Grève perlée à la SNCF : un tournant dans la politique des directions syndicales ?

Mis en ligne le 8 mai 2018 Convergences Entreprises

En s’attaquant frontalement aux cheminots, Macron et son premier ministre juppéiste voudraient-ils prendre leur revanche sur 1995 ? De leur côté, les appareils syndicaux tentent-ils d’en profiter aussi pour revenir sur les acquis de cette lutte qui avait rendu incontournables les « AG » où les cheminots votaient la reconduction de la grève ? Car par-delà l’image « dure » qu’ils voudraient se donner, leur stratégie vise comme d’habitude à ce que le mouvement s’enfonce dans les sables du dialogue social, avec cependant aujourd’hui un tour inédit, symptôme de la métamorphose des syndicats français vers un modèle « à l’allemande ».

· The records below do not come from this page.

lemma summable_norm_l2_inner:
  assumes "in_l2 a" "in_l2 b"
  shows "summable (\<lambda>x. norm (cnj (a x) * b x))"
proof (rule summable_comparison_test'[where N = 0])
  show "summable (\<lambda>x. (norm (a x))\<^sup>2 + (norm (b x))\<^sup>2)"
    using assms unfolding in_l2_def by (rule summable_add)
  fix x :: nat
  have "norm (a x) * norm (b x) \<le> (norm (a x))\<^sup>2 + (norm (b x))\<^sup>2"
    using sum_squares_ge_zero[of "norm (a x) - norm (b x)" 0]
    by (simp add: power2_eq_square algebra_simps) (smt (verit) mult_nonneg_nonneg norm_ge_zero)
  then show "norm (norm (cnj (a x) * b x)) \<le> (norm (a x))\<^sup>2 + (norm (b x))\<^sup>2"
    by (simp add: norm_mult)
qed

lemma summable_l2_inner: "in_l2 a \<Longrightarrow> in_l2 b \<Longrightarrow> summable (\<lambda>x. cnj (a x) * b x)"
  by (rule summable_norm_cancel[OF summable_norm_l2_inner])

lemma norm_l2_inner_le:
  assumes "in_l2 a" "in_l2 b"
  shows "norm (l2_inner a b) \<le> sqrt (l2_norm2 a * l2_norm2 b)"
proof -
  have summable: "summable (\<lambda>x. norm (cnj (a x) * b x))"
    by (rule summable_norm_l2_inner[OF assms])
  have "norm (l2_inner a b) \<le> (\<Sum>x. norm (cnj (a x) * b x))"
    unfolding l2_inner_def by (rule summable_norm[OF summable])
  also have "\<dots> \<le> sqrt (l2_norm2 a * l2_norm2 b)"
  proof (rule suminf_le_const[OF summable])
    fix N
    have "(\<Sum>x<N. norm (cnj (a x) * b x))\<^sup>2 = (\<Sum>x<N. norm (a x) * norm (b x))\<^sup>2"
      by (simp add: norm_mult)
    also have "\<dots> \<le> (\<Sum>x<N. (norm (a x))\<^sup>2) * (\<Sum>x<N. (norm (b x))\<^sup>2)"
      by (rule Cauchy_Schwarz_ineq_sum)
    also have "\<dots> \<le> l2_norm2 a * l2_norm2 b"
      using assms unfolding in_l2_def l2_norm2_def
      by (intro mult_mono sum_le_suminf) (auto intro: sum_nonneg suminf_nonneg)
    finally show "(\<Sum>x<N. norm (cnj (a x) * b x)) \<le> sqrt (l2_norm2 a * l2_norm2 b)"
      by (simp add: real_le_rsqrt sum_nonneg)
  qed
  finally show ?thesis .
qed

lemma l2_inner_mult_right_self:
  assumes "in_l2 a"
  shows "l2_inner a (\<lambda>x. c * a x) = c * of_real (l2_norm2 a)"
proof -
  have summable: "summable (\<lambda>x. (norm (a x))\<^sup>2)"
    using assms by (simp add: in_l2_def)
  have "l2_inner a (\<lambda>x. c * a x) = (\<Sum>x. c * complex_of_real ((norm (a x))\<^sup>2))"
    unfolding l2_inner_def by (rule suminf_cong) (simp only: complex_norm_square, simp add: mult_ac)
  also have "\<dots> = c * of_real (l2_norm2 a)"
    unfolding l2_norm2_def suminf_of_real[OF summable] by (rule suminf_mult[OF summable_of_real[OF summable]])
  finally show ?thesis .
qed

lemma tendsto_l2_inner:
  assumes a: "\<And>n. in_l2 (a n)" "in_l2 A" and b: "\<And>n. in_l2 (b n)" "in_l2 B"
    and lim_a: "(\<lambda>n. l2_norm2 (\<lambda>x. a n x - A x)) \<longlonglongrightarrow> 0"
    and lim_b: "(\<lambda>n. l2_norm2 (\<lambda>x. b n x - B x)) \<longlonglongrightarrow> 0"
  shows "(\<lambda>n. l2_inner (a n) (b n)) \<longlonglongrightarrow> l2_inner A B"
proof -
  define da where "da n = (\<lambda>x. a n x - A x)" for n
  define db where "db n = (\<lambda>x. b n x - B x)" for n
  have da: "in_l2 (da n)" and db: "in_l2 (db n)" for n
    unfolding da_def db_def by (intro in_l2_diff a b)+
  have split: "l2_inner (a n) (b n) - l2_inner A B = l2_inner (da n) (db n) + l2_inner A (db n) + l2_inner (da n) B"
    for n
  proof -
    have "l2_inner (a n) (b n) - l2_inner A B = (\<Sum>x. cnj (a n x) * b n x - cnj (A x) * B x)"
      unfolding l2_inner_def by (intro suminf_diff summable_l2_inner a b)
    also have "\<dots> = (\<Sum>x. cnj (da n x) * db n x + cnj (A x) * db n x + cnj (da n x) * B x)"
      by (simp add: da_def db_def algebra_simps)
    also have "\<dots> = l2_inner (da n) (db n) + l2_inner A (db n) + l2_inner (da n) B"
      unfolding l2_inner_def
      by (subst suminf_add[symmetric], (intro summable_add summable_l2_inner da db a b)+)+ simp
    finally show ?thesis .
  qed
  define bound where "bound n = sqrt (l2_norm2 (da n) * l2_norm2 (db n)) + sqrt (l2_norm2 A * l2_norm2 (db n))
    + sqrt (l2_norm2 (da n) * l2_norm2 B)" for n
  have "\<forall>n. norm (l2_inner (a n) (b n) - l2_inner A B) \<le> bound n"
  proof
    fix n
    have "norm (l2_inner (a n) (b n) - l2_inner A B)
        \<le> norm (l2_inner (da n) (db n)) + norm (l2_inner A (db n)) + norm (l2_inner (da n) B)"
      unfolding split by (rule order_trans[OF norm_triangle_ineq add_right_mono[OF norm_triangle_ineq]])
    also have "\<dots> \<le> bound n"
      unfolding bound_def by (intro add_mono norm_l2_inner_le da db a b)
    finally show "norm (l2_inner (a n) (b n) - l2_inner A B) \<le> bound n" .
  qed
  moreover have "bound \<longlonglongrightarrow> 0"
    unfolding bound_def da_def db_def
    using tendsto_add[OF tendsto_add[OF tendsto_real_sqrt[OF tendsto_mult[OF lim_a lim_b]]
        tendsto_real_sqrt[OF tendsto_mult[OF tendsto_const lim_b]]]
        tendsto_real_sqrt[OF tendsto_mult[OF lim_a tendsto_const]]]
    by simp
  ultimately have "(\<lambda>n. l2_inner (a n) (b n) - l2_inner A B) \<longlonglongrightarrow> 0"
    by (rule Lim_null_comparison[OF always_eventually])
  then show ?thesis
    by (simp add: LIM_zero_iff)
qed

section \<open>The operator \<open>L0\<close> and its closure\<close>

lemma L0_dom_iff: "v \<in> L0_dom \<longleftrightarrow> in_l2 v \<and> in_l2 (\<lambda>x. of_nat x * v x)"
  by (simp add: L0_dom_def in_l2_def norm_mult power_mult_distrib)

lemma L0_dom_diff: "u \<in> L0_dom \<Longrightarrow> v \<in> L0_dom \<Longrightarrow> (\<lambda>x. u x - v x) \<in> L0_dom"
  unfolding L0_dom_iff right_diff_distrib by (auto intro: in_l2_diff)

lemma in_l2_L0:
  assumes "u \<in> L0_dom"
  shows "in_l2 (L0 u)"
proof -
  define w where "w x = of_nat x * u x" for x
  have u: "in_l2 u" and w: "in_l2 w"
    using assms unfolding w_def by (simp_all add: L0_dom_iff)
  have "norm (of_nat x * u (x - 1)) \<le> norm (w (x - 1) + u (x - 1))" for x
    by (cases x) (simp_all add: w_def algebra_simps)
  then have "in_l2 (\<lambda>x. of_nat x * u (x - 1))"
    by (rule in_l2_norm_le[OF in_l2_shift_back[OF in_l2_add[OF w u]]])
  moreover have "L0 u = (\<lambda>x. (2 * w x + u x) - w (x + 1) - of_nat x * u (x - 1))"
    by (auto simp: fun_eq_iff L0_eq w_def algebra_simps)
  ultimately show ?thesis
    using u w in_l2_shift[OF w] by (auto intro!: in_l2_diff in_l2_add in_l2_mult_left)
qed

text \<open>Summation by parts: \<open>L0 v x = (x + 1) (v x - v (x + 1)) - x (v (x - 1) - v x)\<close>.\<close>

lemma sum_cnj_mult_L0:
  "(\<Sum>x<Suc N. cnj (u x) * L0 u x) = of_real (\<Sum>y<N. real (y + 1) * (norm (u y - u (y + 1)))\<^sup>2)
    + of_nat (N + 1) * cnj (u N) * (u N - u (N + 1))"
proof (induction N)
  case 0
  then show ?case
    by (simp add: L0_def algebra_simps)
next
  case (Suc N)
  have square: "complex_of_real ((norm (u N - u (Suc N)))\<^sup>2) = (u N - u (Suc N)) * (cnj (u N) - cnj (u (Suc N)))"
    using complex_norm_square[of "u N - u (Suc N)"] by simp
  have "(\<Sum>x<Suc (Suc N). cnj (u x) * L0 u x)
      = of_real (\<Sum>y<N. real (y + 1) * (norm (u y - u (y + 1)))\<^sup>2)
        + of_nat (N + 1) * cnj (u N) * (u N - u (N + 1)) + cnj (u (Suc N)) * L0 u (Suc N)"
    using Suc by simp
  also have "\<dots> = of_real (\<Sum>y<N. real (y + 1) * (norm (u y - u (y + 1)))\<^sup>2)
      + of_nat (N + 1) * of_real ((norm (u N - u (Suc N)))\<^sup>2)
      + of_nat (Suc N + 1) * cnj (u (Suc N)) * (u (Suc N) - u (Suc N + 1))"
    unfolding square by (simp add: L0_def algebra_simps)
  finally show ?case
    by simp
qed

lemma l2_inner_L0_nonneg:
  assumes u: "u \<in> L0_dom"
  shows "l2_inner u (L0 u) \<in> \<real>\<^sub>\<ge>\<^sub>0"
proof (rule Lim_in_closed_set[OF closed_nonneg_Reals_complex])
  define w where "w x = of_nat x * u x" for x
  define Q where "Q N = (\<Sum>y<N. real (y + 1) * (norm (u y - u (y + 1)))\<^sup>2)" for N
  have u_lim: "u \<longlonglongrightarrow> 0" and w_lim: "w \<longlonglongrightarrow> 0"
    using u unfolding w_def by (simp_all add: L0_dom_iff in_l2_tendsto_zero)
  have "(\<lambda>N. \<Sum>x<Suc N. cnj (u x) * L0 u x) \<longlonglongrightarrow> l2_inner u (L0 u)"
    unfolding l2_inner_def
    using LIMSEQ_Suc[OF summable_LIMSEQ[OF summable_l2_inner[OF _ in_l2_L0[OF u]]]] u
    by (simp add: L0_dom_iff)
  \<comment> \<open>The boundary term \<open>(N + 1) cnj (u N) (u N - u (N + 1))\<close> vanishes in the limit since
    both \<open>u\<close> and \<open>N u N\<close> are square-summable.\<close>
  moreover have "(\<lambda>N. cnj (w N + u N) * (u N - u (N + 1))) \<longlonglongrightarrow> cnj (0 + 0) * (0 - 0)"
    using LIMSEQ_Suc[OF u_lim] by (intro tendsto_intros u_lim w_lim) simp
  ultimately have "(\<lambda>N. (\<Sum>x<Suc N. cnj (u x) * L0 u x) - cnj (w N + u N) * (u N - u (N + 1)))
      \<longlonglongrightarrow> l2_inner u (L0 u) - 0"
    by (intro tendsto_diff) simp_all
  moreover have "(\<Sum>x<Suc N. cnj (u x) * L0 u x) - cnj (w N + u N) * (u N - u (N + 1)) = of_real (Q N)" for N
    unfolding sum_cnj_mult_L0 Q_def w_def by (simp add: algebra_simps)
  ultimately show "(\<lambda>N. complex_of_real (Q N)) \<longlonglongrightarrow> l2_inner u (L0 u)"
    by simp
  show "\<forall>\<^sub>F N in sequentially. complex_of_real (Q N) \<in> \<real>\<^sub>\<ge>\<^sub>0"
    unfolding nonneg_Reals_of_real_iff by (intro always_eventually allI) (simp add: Q_def sum_nonneg)
qed simp

lemma L0_closure_graph_diff:
  assumes "L0_closure_graph v f" and "L0_closure_graph v' f'"
  shows "L0_closure_graph (\<lambda>x. v x - v' x) (\<lambda>x. f x - f' x)"
proof -
  obtain u where v: "in_l2 v" "in_l2 f" and u: "\<And>n. u n \<in> L0_dom"
    and u_v: "(\<lambda>n. l2_norm2 (\<lambda>x. u n x - v x)) \<longlonglongrightarrow> 0"
    and Lu_f: "(\<lambda>n. l2_norm2 (\<lambda>x. L0 (u n) x - f x)) \<longlonglongrightarrow> 0"
    using assms(1) unfolding L0_closure_graph_def by blast
  obtain u' where v': "in_l2 v'" "in_l2 f'" and u': "\<And>n. u' n \<in> L0_dom"
    and u'_v': "(\<lambda>n. l2_norm2 (\<lambda>x. u' n x - v' x)) \<longlonglongrightarrow> 0"
    and Lu'_f': "(\<lambda>n. l2_norm2 (\<lambda>x. L0 (u' n) x - f' x)) \<longlonglongrightarrow> 0"
    using assms(2) unfolding L0_closure_graph_def by blast
  have "(\<lambda>n. l2_norm2 (\<lambda>x. (u n x - v x) - (u' n x - v' x))) \<longlonglongrightarrow> 0"
    using u u' v v' by (intro tendsto_l2_norm2_diff u_v u'_v' in_l2_diff) (auto simp: L0_dom_iff)
  moreover have "(\<lambda>n. l2_norm2 (\<lambda>x. (L0 (u n) x - f x) - (L0 (u' n) x - f' x))) \<longlonglongrightarrow> 0"
    using u u' v v' by (intro tendsto_l2_norm2_diff Lu_f Lu'_f' in_l2_diff in_l2_L0)
  ultimately show ?thesis
    unfolding L0_closure_graph_def using u u' v v'
    by (intro conjI in_l2_diff exI[of _ "\<lambda>n x. u n x - u' n x"])
       (auto simp: L0_dom_diff L0_diff algebra_simps)
qed

lemma L0_closure_graph_inner_nonneg:
  assumes "L0_closure_graph v f"
  shows "l2_inner v f \<in> \<real>\<^sub>\<ge>\<^sub>0"
proof -
  obtain u where v: "in_l2 v" "in_l2 f" and u: "\<And>n. u n \<in> L0_dom"
    and u_v: "(\<lambda>n. l2_norm2 (\<lambda>x. u n x - v x)) \<longlonglongrightarrow> 0"
    and Lu_f: "(\<lambda>n. l2_norm2 (\<lambda>x. L0 (u n) x - f x)) \<longlonglongrightarrow> 0"
    using assms unfolding L0_closure_graph_def by blast
  have "(\<lambda>n. l2_inner (u n) (L0 (u n))) \<longlonglongrightarrow> l2_inner v f"
    using u by (intro tendsto_l2_inner v u_v Lu_f in_l2_L0) (simp add: L0_dom_iff)
  moreover have "\<forall>n. l2_inner (u n) (L0 (u n)) \<in> \<real>\<^sub>\<ge>\<^sub>0"
    using l2_inner_L0_nonneg u by blast
  ultimately show ?thesis
    by (intro Lim_in_closed_set[OF closed_nonneg_Reals_complex always_eventually]) auto
qed

text \<open>A non-trivial solution of \<open>L0 v = z v\<close> would make \<open>z \<parallel>v\<parallel>\<^sup>2 = \<langle>v, L0 v\<rangle>\<close> a non-negative real.\<close>

lemma L0_closure_graph_eigenvector_eq_0:
  assumes z: "z \<notin> complex_of_real ` {0..}" and graph: "L0_closure_graph v (\<lambda>x. z * v x)"
  shows "v = (\<lambda>_. 0)"
proof (rule ccontr)
  assume "v \<noteq> (\<lambda>_. 0)"
  have v: "in_l2 v"
    using graph by (simp add: L0_closure_graph_def)
  then have "l2_norm2 v > 0"
    using \<open>v \<noteq> (\<lambda>_. 0)\<close> l2_norm2_eq_0_iff l2_norm2_nonneg by fastforce
  moreover have "z * of_real (l2_norm2 v) \<in> \<real>\<^sub>\<ge>\<^sub>0"
    using L0_closure_graph_inner_nonneg[OF graph] l2_inner_mult_right_self[OF v] by simp
  ultimately have "z \<in> \<real>\<^sub>\<ge>\<^sub>0"
    using nonneg_Reals_divide_I[of "z * of_real (l2_norm2 v)" "of_real (l2_norm2 v)"] by simp
  then show False
    using z by (simp add: of_real_atLeast_0_eq_nonneg_Reals)
qed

Les discussions, le dialogue, les concertations et maintenant la négociation ?

Au 11e jour d’une grève toujours bien suivie, le DRH de la SNCF, Benjamin Raigneau, a au moins une raison de rester optimiste : « Le contact n’est pas rompu, a-t-il déclaré au journal Le Monde du 29 avril, tout le monde vient aux réunions et tout le monde y reste. » Car les concertations entre direction, gouvernement et syndicats n’arrêtent pas depuis début mars, elles s’enchaînent même à des « cadences infernales » – dixit le patron de l’UNSA Ferroviaire, plus prompt à dénoncer ses propres conditions de travail que celles des cheminots du terrain.

Pour discuter de quoi ? Mystère… Il faut lire entre les lignes pour décrypter les enjeux de discussions officielles et officieuses, qui ne sont jamais présentés ni aux grévistes réunis en AG, ni même aux syndiqués.

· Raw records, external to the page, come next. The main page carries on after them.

(*
  Let T be the unique minimum spanning forest of G and {u, v} an edge of T. Then {u, v}
  belongs to every minimum spanning forest T' of every subgraph that contains it. Otherwise
  T' joins u and v by a path, and this path must leave the component A of u in T - {u, v}
  through an edge {x, y} whose removal separates u from v in T'. Exchanging {x, y} for
  {u, v} in T' gives w {x, y} <= w {u, v}, while exchanging {u, v} for {x, y} in T gives
  w {u, v} < w {x, y} by uniqueness of T.

  Both endpoints of an edge of T lie in some S i \<union> S j, so T is contained in the union H
  of the pairwise forests. As H is a subgraph of G containing T, T is also a minimum
  spanning forest of H, and uniqueness for H gives MSF(H) = T.
*)

lemma connected_in_refl [simp]: "connected_in F u u"
  unfolding connected_in_def by simp

lemma connected_in_edge: "{u, v} \<in> F \<Longrightarrow> connected_in F u v"
  unfolding connected_in_def by (rule r_into_rtranclp)

lemma connected_in_trans:
  "connected_in F u v \<Longrightarrow> connected_in F v x \<Longrightarrow> connected_in F u x"
  unfolding connected_in_def by (rule rtranclp_trans)

lemma connected_in_sym: "connected_in F u v \<Longrightarrow> connected_in F v u"
proof -
  have "symp (\<lambda>x y. {x, y} \<in> F)" by (rule sympI) (simp add: insert_commute)
  then show "connected_in F u v \<Longrightarrow> connected_in F v u"
    unfolding connected_in_def by (rule sympD[OF symp_rtranclp])
qed

lemma connected_in_lift:
  assumes "\<And>x y. {x, y} \<in> F \<Longrightarrow> connected_in F' x y" and "connected_in F u v"
  shows "connected_in F' u v"
proof -
  have "(\<lambda>x y. {x, y} \<in> F)\<^sup>*\<^sup>* \<le> (connected_in F')\<^sup>*\<^sup>*"
    using assms(1) by (intro rtranclp_mono) auto
  then show ?thesis
    using assms(2) unfolding connected_in_def rtranclp_idemp by blast
qed

lemma connected_in_mono: "F \<subseteq> F' \<Longrightarrow> connected_in F u v \<Longrightarrow> connected_in F' u v"
  by (rule connected_in_lift) (auto intro: connected_in_edge)

lemma connected_in_closed:
  assumes "\<And>x y. {x, y} \<in> F \<Longrightarrow> x \<in> A \<Longrightarrow> y \<in> A" "connected_in F u v" "u \<in> A"
  shows "v \<in> A"
  using assms(2,3) unfolding connected_in_def
  by (induction rule: rtranclp_induct) (auto intro: assms(1))

lemma connected_in_insertE:
  assumes "connected_in (insert {a, b} F) u v"
  obtains "connected_in F u v"
    | "connected_in F u a" "connected_in F b v"
    | "connected_in F u b" "connected_in F a v"
proof -
  have "connected_in F u v \<or> (connected_in F u a \<and> connected_in F b v)
      \<or> (connected_in F u b \<and> connected_in F a v)"
    using assms unfolding connected_in_def
  proof (induction rule: rtranclp_induct)
    case (step y z)
    then have "{y, z} \<in> F \<or> y = a \<and> z = b \<or> y = b \<and> z = a"
      by (auto simp: doubleton_eq_iff)
    with step.IH show ?case
      using connected_in_sym[unfolded connected_in_def]
      by (auto intro: rtranclp.rtrancl_into_rtrancl)
  qed simp
  with that show thesis by blast
qed

lemma forest_connected_in_Diff:
  assumes forest: "forest F" and "finite X"
    and each: "\<forall>f\<in>X. connected_in (F - {f}) u v" and "connected_in F u v"
  shows "connected_in (F - X) u v"
  using \<open>finite X\<close> each
proof (induction X rule: finite_induct)
  case empty
  then show ?case using \<open>connected_in F u v\<close> by simp
next
  case (insert f X)
  then have IH: "connected_in (F - X) u v" and without_f: "connected_in (F - {f}) u v"
    by auto
  consider "f \<notin> F - X" | a b where "f \<in> F - X" "f = {a, b}" | "\<nexists>a b. f = {a, b}"
    by blast
  then show ?case
  proof cases
    case 1
    then have "F - insert f X = F - X" by auto
    then show ?thesis using IH by simp
  next
    case (2 a b)
    have "F - X = insert {a, b} (F - insert f X)" using 2 by auto
    with IH have "connected_in (insert {a, b} (F - insert f X)) u v" by simp
    moreover have no_ab: "\<not> connected_in (F - {f}) a b" using forest 2 unfolding forest_def by auto
    moreover have mono: "connected_in (F - insert f X) p q \<Longrightarrow> connected_in (F - {f}) p q" for p q
      by (rule connected_in_mono[rotated]) auto
    ultimately show ?thesis
    proof (elim connected_in_insertE)
      assume "connected_in (F - insert f X) u a" "connected_in (F - insert f X) b v"
      then have "connected_in (F - {f}) a b"
        using mono without_f by (meson connected_in_sym connected_in_trans)
      with no_ab show ?thesis by simp
    next
      assume "connected_in (F - insert f X) u b" "connected_in (F - insert f X) a v"
      then have "connected_in (F - {f}) a b"
        using mono without_f by (meson connected_in_sym connected_in_trans)
      with no_ab show ?thesis by simp
    qed
  next
    case 3
    then have "{x, y} \<in> F - insert f X \<longleftrightarrow> {x, y} \<in> F - X" for x y by blast
    then show ?thesis using IH unfolding connected_in_def by simp
  qed
qed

Dès le 22 mars, certaines AG ont adopté la revendication du retrait pur et simple du projet de « pacte ferroviaire ». De son côté, l’intersyndicale UNSA, CFDT, CGT et Sud a publié le lendemain une plateforme en huit points, une façon de signifier au gouvernement les axes de négociations prioritaires qui permettraient la « sortie de crise » déjà recherchée avant même que la grève n’ait commencé.

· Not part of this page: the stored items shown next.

lemma has_sum_product:
  fixes f :: "'a \<Rightarrow> complex" and g :: "'b \<Rightarrow> complex"
  assumes f: "(f has_sum S) A" and g: "(g has_sum T) B"
  shows "((\<lambda>(x, y). f x * g y) has_sum S * T) (A \<times> B)"
proof -
  have fa: "(\<lambda>x. norm (f x)) summable_on A" and ga: "(\<lambda>y. norm (g y)) summable_on B"
    using f g by (auto simp: summable_on_iff_abs_summable_on_complex[symmetric] dest: has_sum_imp_summable)
  have "(\<lambda>p. norm ((\<lambda>(x, y). f x * g y) p)) summable_on A \<times> B"
  proof (rule Infinite_Sum.abs_summable_on_Sigma_iff[where f="\<lambda>(x, y). f x * g y", THEN iffD2], intro conjI ballI)
    fix x
    show "(\<lambda>y. norm ((\<lambda>(x, y). f x * g y) (x, y))) summable_on B"
      using summable_on_cmult_right[OF ga, of "norm (f x)"] by (simp add: norm_mult)
  next
    show "(\<lambda>x. norm (\<Sum>\<^sub>\<infinity>y\<in>B. norm ((\<lambda>(x, y). f x * g y) (x, y)))) summable_on A"
      using summable_on_cmult_left[OF fa, of "\<Sum>\<^sub>\<infinity>y\<in>B. norm (g y)"]
      by (simp add: norm_mult infsum_cmult_right' infsum_nonneg)
  qed
  then have "(\<lambda>(x, y). f x * g y) summable_on A \<times> B"
    by (simp add: summable_on_iff_abs_summable_on_complex)
  then show ?thesis
    using has_sum_cmult_right[OF g] has_sum_cmult_left[OF f]
    by (intro has_sum_SigmaI[where g="\<lambda>x. f x * T"]) auto
qed
text \<open>Standardization of a word without repeated letters.\<close>
definition st :: "nat list \<Rightarrow> nat list" where
  "st \<alpha> = map (\<lambda>a. card {b \<in> set \<alpha>. b \<le> a}) \<alpha>"

definition mpairs :: "nat list \<Rightarrow> nat list \<Rightarrow> (nat list \<times> nat list) set" where
  "mpairs \<sigma> \<tau> = {(u, v). distinct u \<and> distinct v \<and> set u \<inter> set v = {} \<and>
      set u \<union> set v = {1..length \<sigma> + length \<tau>} \<and> st u = \<sigma> \<and> st v = \<tau>}"

text \<open>MPR: the free abelian group on permutation words, as finitely supported
  integer-valued functions on words supported on permutation words.\<close>
definition MPR :: "(nat list \<Rightarrow>\<^sub>0 int) set" where
  "MPR = {f. Poly_Mapping.keys f \<subseteq> {w. permword w}}"

definition mbasic :: "nat list \<Rightarrow> nat list \<Rightarrow> (nat list \<Rightarrow>\<^sub>0 int)" where
  "mbasic \<sigma> \<tau> = (\<Sum>(u, v) \<in> mpairs \<sigma> \<tau>. Poly_Mapping.single (u @ v) 1)"

definition mprod :: "(nat list \<Rightarrow>\<^sub>0 int) \<Rightarrow> (nat list \<Rightarrow>\<^sub>0 int) \<Rightarrow> (nat list \<Rightarrow>\<^sub>0 int)" where
  "mprod f g = (\<Sum>\<sigma> \<in> Poly_Mapping.keys f. \<Sum>\<tau> \<in> Poly_Mapping.keys g.
      Poly_Mapping.map (\<lambda>c. (Poly_Mapping.lookup f \<sigma> * Poly_Mapping.lookup g \<tau>) * c) (mbasic \<sigma> \<tau>))"

definition J_nonlsd :: "(nat list \<Rightarrow>\<^sub>0 int) set" where
  "J_nonlsd = {f. Poly_Mapping.keys f \<subseteq> {w. permword w \<and> \<not> lsd w}}"

end

theory Submission
  imports Defs "HOL-Combinatorics.Transposition"
begin

text \<open>A permutation word w is lsd exactly when each of its inversions spans a descending run:
  i < j and w_i > w_j force w_i > w_(i+1) > ... > w_j.
  If the values a+1 and a stood at non-adjacent positions p < q of an lsd word, exchanging them
  would keep the descent set and make the word lexicographically smaller; and once such value pairs
  are adjacent, every inversion is a descending run, by induction on w_i - w_j.
  Conversely, let tau have the descents of w and first differ from it at i with tau_i < w_i. Then
  tau descends on the maximal descending run of w starting at i, so its values there are below
  w_i and outside the common prefix; in w they must therefore lie in that same run. Counting, tau
  takes exactly the values of w on the run, w_i among them, although all of them are at most tau_i.
  The run condition passes to factors and is invariant under standardization, so a term u @ v of
  m'(sigma (x) tau) can only be lsd if st u = sigma and st v = tau are.\<close>

definition inversions_decreasing :: "'a::linorder list \<Rightarrow> bool" where
  "inversions_decreasing w \<longleftrightarrow>
     (\<forall>i j k. i \<le> k \<and> k < j \<and> j < length w \<and> w ! j < w ! i \<longrightarrow> w ! Suc k < w ! k)"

Première revendication de l’intersyndicale : la reprise de la dette ferroviaire par l’État. Une belle arnaque puisque, pour transformer la SNCF en Société Anonyme comme le prévoit le « pacte ferroviaire », il faut la débarrasser de ce fardeau qui l’entraînerait immédiatement vers la liquidation. Quel intérêt pour les cheminots ? Aucun. Les directions syndicales se posent en gestionnaires de l’entreprise SNCF, pas en défenseurs des travailleurs du rail, comme le montre le slogan de la CGT « la SNCF, certains veulent la descendre, nous on la défend ».

Le dernier des huit points de la plateforme porte sur la nécessité d’une convention collective [1] « revue à la hausse » – en lieu et place du statut, ce qui est une façon d’entériner la réforme. Le flou de la formule laisse la part belle à de futures négociations avec le patronat du ferroviaire – mais pas de trace d’une revendication à proprement parler qui pourrait être défendue par les grévistes et comprise dans les autres secteurs.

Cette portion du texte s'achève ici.